Струитесь, слезы, из очей печальных!
Оплачьте кончину сердца моего,
Спаленного огнем моей любви!
Весь тот огонь, которым я пылаю,
Вся эта страсть, что жизнь мою спалила,
Всему причиной — мой жестокий друг,
Что для соперниц мог меня покинуть.
Меня напрасно люди порицают
И навсегда советуют забыть
Его ланит пленительные розы!
Что делать с сердцем, чутким к красоте
Цветов и роз? Вином наполнен кубок,
Гитары звук зовет сердца к веселью
И наше тело — к ласкам сладострастным.
А я дыханье лишь его люблю!
Мои ланиты блекнут от огня
Моих желаний. Мне ж все равно!
Его ланиты — это розы рая!
Пусть вяну я — ведь я его люблю!
Но не грешно ли так пылать любовью
К созданию такому же, как я?
И, слушая эти стихи, хозяин Зеницы Ока был радостно взволнован и, прикоснувшись губами к вину, предложил кубок отроковице, которая и выпила его.
После этого все шесть встали, поцеловали землю между рук господина своего и попросили его сказать им, которая из них более всех очаровала его и чей голос и чьи стихи были особенно приятны ему. И Али эль-Ямани был поставлен в крайне затруднительное положение и стал пристально всматриваться в их красоту и достоинства; и находил он в душе своей, что их формы и цвета были одинаково достойны восхищения. Наконец он решился заговорить и сказал:
— Слава Аллаху, дарующему красоту и прелесть, давшему мне шесть дивных девушек, одаренных всеми совершенствами! Так вот, объявляю вам, что нахожу вас всех одинаково прекрасными и, по совести, не могу отдать предпочтение ни одной из вас. Придите же, ягнята мои, и обнимите меня все вместе!
При этих словах господина своего шесть отроковиц бросились в его объятия и стали ластиться к нему, и он ласкал их целый час.
Затем, поставив их в кружок перед собою, он сказал им:
— Сам я не хотел совершить несправедливость и отдать предпочтение которой-нибудь из вас. Но то, что не сделано мною, может быть сделано вами. В самом деле, ведь вы хорошо знаете суры Корана и сведущи в изящной словесности; вы читали древние летописи и историю наших отцов-мусульман; наконец, вы одарены красноречием и превосходным произношением. Поэтому я хочу, чтобы каждая из вас воздала хвалу себе, которой, по своему мнению, заслуживает, чтобы каждая указала на свои преимущества и достоинства и унизила прелести соперницы.
Так пусть состязание начнется, например, между соперницами по цвету кожи и формам, между белой и черной, между стройной и толстой, между златокудрой и черноволосой; но в этой борьбе вы должны сражаться только прекрасными словами, прекрасными изречениями, цитатами из произведений мудрецов и ученых, ссылаться на поэтов и опираться на Коран.

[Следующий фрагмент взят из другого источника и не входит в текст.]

(* For every $\lambda$-term $A$ there is a clean $\lambda$-term $B$ such that $A\twoheadrightarrow_{\alpha'}B$.
   Context: $\lambda$-terms over an infinite variable set $\mathcal V$: $\mathcal M ::= \mathcal V \mid (\lambda\mathcal V.\mathcal M)\mid(\mathcal M\mathcal M)$. $FV(C)$ is the set of variables with a free occurrence in $C$ (occurrences inside the body of $\lambda v.\cdot$, or the $v$ of $\lambda v$, are bound); $BV(C)$ is the set of $v$ such that $\lambda v$ occurs in $C$; $FV(vA)=\{v\}\cup FV(A)$. A term $A$ is clean iff $BV(A)\cap FV(A)=\emptyset$ and for every variable $v$, $\lambda v$ occurs at most once in $A$. Grafting $A\{v:=B\}$: $v\{v:=B\}=B$; $v'\{v:=B\}=v'$ if $v'\neq v$; $(AC)\{v:=B\}=A\{v:=B\}C\{v:=B\}$; $(\lambda v.A)\{v:=B\}=\lambda v.A$; $(\lambda v'.A)\{v:=B\}=\lambda v'.A\{v:=B\}$ if $v\neq v'$. $\to_{\alpha'}$ is the least relation closed under $A\mapsto AC$, $A\mapsto CA$, $A\mapsto\lambda u.A$ (compatible) containing $\lambda v.A\to_{\alpha'}\lambda v'.A\{v:=v'\}$ whenever $v'\notin FV(vA)$ and $v,v'\notin BV(A)$; $\twoheadrightarrow_{\alpha'}$ is its reflexive transitive closure. *)

theory Defs
  imports Main
begin

datatype 'v lterm = Var 'v | Lam 'v "'v lterm" | App "'v lterm" "'v lterm"

fun FV :: "'v lterm \<Rightarrow> 'v set" where
  "FV (Var x) = {x}"
| "FV (Lam x A) = FV A - {x}"
| "FV (App A B) = FV A \<union> FV B"

fun BV :: "'v lterm \<Rightarrow> 'v set" where
  "BV (Var x) = {}"
| "BV (Lam x A) = insert x (BV A)"
| "BV (App A B) = BV A \<union> BV B"

fun lam_count :: "'v \<Rightarrow> 'v lterm \<Rightarrow> nat" where
  "lam_count v (Var x) = 0"
| "lam_count v (Lam x A) = (if x = v then 1 else 0) + lam_count v A"
| "lam_count v (App A B) = lam_count v A + lam_count v B"

definition clean :: "'v lterm \<Rightarrow> bool" where
  "clean A \<longleftrightarrow> BV A \<inter> FV A = {} \<and> (\<forall>v. lam_count v A \<le> 1)"

fun graft :: "'v lterm \<Rightarrow> 'v \<Rightarrow> 'v lterm \<Rightarrow> 'v lterm" where
  "graft (Var x) v B = (if x = v then B else Var x)"
| "graft (App A C) v B = App (graft A v B) (graft C v B)"
| "graft (Lam x A) v B = (if x = v then Lam x A else Lam x (graft A v B))"

inductive alpha1 :: "'v lterm \<Rightarrow> 'v lterm \<Rightarrow> bool" where
  rename: "\<lbrakk> v' \<notin> insert v (FV A); v \<notin> BV A; v' \<notin> BV A \<rbrakk>
           \<Longrightarrow> alpha1 (Lam v A) (Lam v' (graft A v (Var v')))"
| appL: "alpha1 A A' \<Longrightarrow> alpha1 (App A C) (App A' C)"
| appR: "alpha1 A A' \<Longrightarrow> alpha1 (App C A) (App C A')"
| lam: "alpha1 A A' \<Longrightarrow> alpha1 (Lam u A) (Lam u A')"

definition alpha_star :: "'v lterm \<Rightarrow> 'v lterm \<Rightarrow> bool" where
  "alpha_star = alpha1\<^sup>*\<^sup>*"

end

theory Submission
  imports Defs
begin

text \<open>Induction on the term, strengthened so that the bound variables of the clean term avoid a
given finite set \<open>S\<close>. At an abstraction \<open>\<lambda>v.A\<close>, the clean variant \<open>B\<close> of \<open>A\<close> (with \<open>v\<close> and \<open>S\<close> avoided)
lets us rename \<open>v\<close> to a variable that is fresh for everything in sight, which infinitely many
variables make possible. At an application \<open>A\<^sub>1 A\<^sub>2\<close>, the binders of the variant of \<open>A\<^sub>1\<close> avoid
\<open>FV A\<^sub>2\<close>, and those of the variant of \<open>A\<^sub>2\<close> avoid \<open>FV A\<^sub>1\<close> and the binders just chosen.
Free variables are invariant under \<open>\<rightarrow>\<^sub>\<alpha>'\<close>, so the two halves do not capture each other.\<close>

lemma finite_FV: "finite (FV A)"
  by (induction A) auto

lemma finite_BV: "finite (BV A)"
  by (induction A) auto

lemma BV_graft_Var: "BV (graft A v (Var w)) = BV A"
  by (induction A) auto

lemma FV_graft_Var:
  "v \<notin> BV A \<Longrightarrow> w \<notin> BV A \<Longrightarrow>
   FV (graft A v (Var w)) = FV A - {v} \<union> (if v \<in> FV A then {w} else {})"
  by (induction A) auto

lemma lam_count_graft_Var: "lam_count u (graft A v (Var w)) = lam_count u A"
  by (induction A) auto

lemma lam_count_eq_0_iff: "lam_count u A = 0 \<longleftrightarrow> u \<notin> BV A"
  by (induction A) auto

lemma FV_alpha1: "alpha1 A B \<Longrightarrow> FV B = FV A"
  by (induction rule: alpha1.induct) (auto simp: FV_graft_Var)

lemma FV_alpha_star: "alpha_star A B \<Longrightarrow> FV B = FV A"
  unfolding alpha_star_def by (induction rule: rtranclp_induct) (auto dest: FV_alpha1)

lemma alpha_star_Lam: "alpha_star A A' \<Longrightarrow> alpha_star (Lam u A) (Lam u A')"
  unfolding alpha_star_def
  by (induction rule: rtranclp_induct) (auto intro: rtranclp.rtrancl_into_rtrancl alpha1.lam)

lemma alpha_star_App:
  assumes "alpha_star A A'" and "alpha_star C C'"
  shows "alpha_star (App A C) (App A' C')"
proof -
  have "alpha1\<^sup>*\<^sup>* (App A C) (App A' C)"
    using assms(1) unfolding alpha_star_def
    by (induction rule: rtranclp_induct) (auto intro: rtranclp.rtrancl_into_rtrancl alpha1.appL)
  moreover have "alpha1\<^sup>*\<^sup>* (App A' C) (App A' C')"
    using assms(2) unfolding alpha_star_def
    by (induction rule: rtranclp_induct) (auto intro: rtranclp.rtrancl_into_rtrancl alpha1.appR)
  ultimately show ?thesis
    unfolding alpha_star_def by (rule rtranclp_trans)
qed

lemma clean_Var: "clean (Var x)"
  by (simp add: clean_def)

lemma clean_App:
  assumes "clean A" and "clean C"
    and "BV A \<inter> BV C = {}" and "BV A \<inter> FV C = {}" and "BV C \<inter> FV A = {}"
  shows "clean (App A C)"
proof -
  have "lam_count u A + lam_count u C \<le> 1" for u
  proof (cases "u \<in> BV A")
    case True
    then have "lam_count u C = 0"
      using assms(3) by (auto simp: lam_count_eq_0_iff)
    then show ?thesis using assms(1) by (simp add: clean_def)
  next
    case False
    then have "lam_count u A = 0"
      by (simp add: lam_count_eq_0_iff)
    then show ?thesis using assms(2) by (simp add: clean_def)
  qed
  then show ?thesis
    using assms unfolding clean_def by auto
qed

lemma clean_Lam_graft_Var:
  assumes "clean A" and "v \<notin> BV A" and "w \<notin> BV A"
  shows "clean (Lam w (graft A v (Var w)))"
proof -
  have "FV (graft A v (Var w)) \<subseteq> insert w (FV A)"
    using FV_graft_Var[OF assms(2,3)] by auto
  moreover have "lam_count w A = 0"
    using assms(3) by (simp add: lam_count_eq_0_iff)
  ultimately show ?thesis
    using assms(1) unfolding clean_def by (auto simp: BV_graft_Var lam_count_graft_Var)
qed

lemma clean_alpha_variant_avoiding:
  fixes A :: "'v lterm"
  assumes "infinite (UNIV :: 'v set)" and "finite S"
  shows "\<exists>B. clean B \<and> alpha_star A B \<and> BV B \<inter> S = {}"
  using assms(2)
proof (induction A arbitrary: S)
  case (Var x)
  show ?case
    by (intro exI[of _ "Var x"]) (simp add: clean_Var alpha_star_def)
next
  case (Lam v A)
  obtain B where B: "clean B" "alpha_star A B" "BV B \<inter> insert v S = {}"
    using Lam.IH[of "insert v S"] Lam.prems by auto
  have "finite (insert v S \<union> FV B \<union> BV B)"
    using Lam.prems finite_FV finite_BV by auto
  from ex_new_if_finite[OF assms(1) this]
  obtain w where w: "w \<notin> insert v S \<union> FV B \<union> BV B" ..
  have "alpha1 (Lam v B) (Lam w (graft B v (Var w)))"
    by (rule alpha1.rename) (use w B(3) in auto)
  with alpha_star_Lam[OF B(2)] have "alpha_star (Lam v A) (Lam w (graft B v (Var w)))"
    unfolding alpha_star_def by (rule rtranclp.rtrancl_into_rtrancl)
  moreover have "clean (Lam w (graft B v (Var w)))"
    using B(1,3) w by (intro clean_Lam_graft_Var) auto
  moreover have "BV (Lam w (graft B v (Var w))) \<inter> S = {}"
    using B(3) w by (auto simp: BV_graft_Var)
  ultimately show ?case by blast
next
  case (App A\<^sub>1 A\<^sub>2)
  obtain B\<^sub>1 where B\<^sub>1: "clean B\<^sub>1" "alpha_star A\<^sub>1 B\<^sub>1" "BV B\<^sub>1 \<inter> (S \<union> FV A\<^sub>2) = {}"
    using App.IH(1)[of "S \<union> FV A\<^sub>2"] App.prems finite_FV by auto
  obtain B\<^sub>2 where B\<^sub>2: "clean B\<^sub>2" "alpha_star A\<^sub>2 B\<^sub>2" "BV B\<^sub>2 \<inter> (S \<union> FV A\<^sub>1 \<union> BV B\<^sub>1) = {}"
    using App.IH(2)[of "S \<union> FV A\<^sub>1 \<union> BV B\<^sub>1"] App.prems finite_FV finite_BV by auto
  have "clean (App B\<^sub>1 B\<^sub>2)"
  proof (rule clean_App)
    show "BV B\<^sub>1 \<inter> FV B\<^sub>2 = {}" and "BV B\<^sub>2 \<inter> FV B\<^sub>1 = {}"
      using B\<^sub>1(3) B\<^sub>2(3) FV_alpha_star[OF B\<^sub>1(2)] FV_alpha_star[OF B\<^sub>2(2)] by auto
  qed (use B\<^sub>1(1,3) B\<^sub>2(1,3) in auto)
  moreover have "alpha_star (App A\<^sub>1 A\<^sub>2) (App B\<^sub>1 B\<^sub>2)"
    using B\<^sub>1(2) B\<^sub>2(2) by (rule alpha_star_App)
  moreover have "BV (App B\<^sub>1 B\<^sub>2) \<inter> S = {}"
    using B\<^sub>1(3) B\<^sub>2(3) by auto
  ultimately show ?case by blast
qed

theorem lemma5p5:
  fixes A :: "'v lterm"
  assumes "infinite (UNIV :: 'v set)"
  shows "\<exists>B. clean B \<and> alpha_star A B"
  using clean_alpha_variant_avoiding[OF assms, of "{}" A] by auto

end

На этом месте своего рассказа Шахерезада заметила, что наступает утро, и скромно умолкла.
Но когда наступила
она сказала:
Я хочу, чтобы каждая из вас воздала хвалу себе, которой, по своему мнению, заслуживает, чтобы каждая указала на свои преимущества и достоинства и унизила прелести соперницы.
И шесть отроковиц выслушали и повиновались, и началось очаровательное состязание.
Прежде всех встала белая невольница Лик Луны и знаком пригласила черную Зеницу Ока стать перед нею. И тотчас же сказала:
— О черная, в книгах ученых людей сказано, что Белизна говорила так: «Я свет сияющий! Я луна, восходящая на горизонте! Цвет мой ясен и очевиден! Чело мое сияет блеском серебра! И красота моя внушила поэту такие стихи:
Беляночка с блестящей гладкой кожей,
Она, как перл, заботливо хранима.
Она стройна, как начертанье буквы
«Алеф», а ротик — это буква «мим»;
Дуга бровей — два обращенных книзу «нуна*[49];
А взоры глаз — то тучи быстрых стрел,
Срывающихся с лука темных бровок.
Но если хочешь ты иметь понятье
О стройном стане и ланитах нежных,
То я скажу: ланиты — лепестки
Жасминов, роз и нежного нарцисса;
Ее же стан — то ветка гибкой ивы,
Что, трепеща, несет свои листы, —
За эту ветвь охотно отдадим мы
Весь пышный сад и все его цветы!»
Но, о черная, я продолжаю!
Цвет мой — цвет дня! Он также цвет померанцевого цветка и жемчужной утренней звезды!
Знай также, что Всевышний Аллах в чтимой нами книге сказал Мусе (мир и молитва над ним!), когда рука его была поражена проказой: «Положи руку свою в карман; и когда вынешь ее, ты увидишь ее белой, то есть чистой и непорочной».
И еще сказано в нашей книге: «Те, кто сумел сохранить лицо свое белым, то есть чистым и незапятнанным, будут в числе избранных милосердием Аллаха!»
Следовательно, мой цвет — царь всех цветов; в красоте моей мое совершенство, и в совершенстве — красота.
Богатые одежды и прекрасные уборы всегда идут к цвету моей кожи и еще ярче оттеняют блеск моей красоты, покоряющей души и сердца.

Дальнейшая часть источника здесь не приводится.